Specific applications and implications for serious, change management programs

As much as businesses must change, so equally must valuable employees be brought along to help drive the company forward. Ideally, everyone in the company needs to know what their new, evolving job means and how they are will help to make the new vision real and the new 2.0 world come alive. Our heart-felt advice and experience on this matter: Take change management seriously, plan for change, plan to make the change feel real. People will not want to change, we know this now; they will be cynical, they will be a little scared. Don’t run from this insight, embrace it. Valuable employees need to be brought along, and you need to communicate and connect with them, and coordinate and create the company of your joint future, together. You cannot do it alone, or with a small team. There is no one silver bullet. In our view, you must see change-management as ever-green and you must plan change-management initiatives for both the short- and long-term.

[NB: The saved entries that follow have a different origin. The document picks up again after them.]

lemma lmi_gram_representable_loewner_interval:
  "lmi_gram_representable (\<lambda>(X :: real^'k^'n) Y.
     lm *\<^sub>R (transpose (centered X) ** centered X) \<preceq>\<^sub>L transpose (centered X) ** centered Y
   \<and> transpose (centered X) ** centered Y \<preceq>\<^sub>L lp *\<^sub>R (transpose (centered X) ** centered X))"
  by (rule lmi_gram_representable_bilinear_psd[where Ps =
      "[(\<lambda>p :: (real^'k^'n) \<times> (real^'k^'n). centered (fst p),
         \<lambda>p. centered (snd p) - lm *\<^sub>R centered (fst p)),
        (\<lambda>p. centered (fst p), \<lambda>p. lp *\<^sub>R centered (fst p) - centered (snd p))]"])
    (simp_all add: linear_centered_fst linear_centered_snd linear_compose_sub
      linear_compose_scale_right loewner_le_def matrix_mult_diff_distrib_left matrix_scalar_ac
      scalar_matrix_assoc)

lemma lmi_gram_representable_product_nonpos:
  "lmi_gram_representable (\<lambda>(X :: real^'k^'n) Y.
     transpose (centered Y - lm *\<^sub>R centered X) ** (centered Y - lp *\<^sub>R centered X) \<preceq>\<^sub>L 0)"
  by (rule lmi_gram_representable_bilinear_psd[where Ps =
      "[(\<lambda>p :: (real^'k^'n) \<times> (real^'k^'n). - (centered (snd p) - lm *\<^sub>R centered (fst p)),
         \<lambda>p. centered (snd p) - lp *\<^sub>R centered (fst p))]"])
    (simp_all add: linear_centered_fst linear_centered_snd linear_compose_sub linear_compose_neg
      linear_compose_scale_right loewner_le_def flip: transpose_uminus_mult)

5 essential short-term steps

  1. CEO announcement: Kick off to the change
  2. Management team: “Walk the Talk”
  3. Change management training
  4. Reward performance
  5. Repeat message

Longer-term: More positive outcomes

  • HR and marketing will become BFFs
  • Metrics will need to track success
  • Updated training is a given

 

Final takeaways

The NYTimes article made the point that people’s judgments are not captured only by what they say, but what they mean; not only by what they say they think. This has huge implications for surveys in terms of question formulation and evaluations; for data collection and interpretations; and not least, for drawing implications, setting business plans and taking resource-intensive actions as a result of this customer-based data. This is a huge topic, and not for development now. But it does speak to doing “reality checks” from time to time, to asking the famous 5 Whys?; to doing some good, old qualitative to ensure that what your customers told you they want is, in fact, what they really want. There is no finish line. We know this.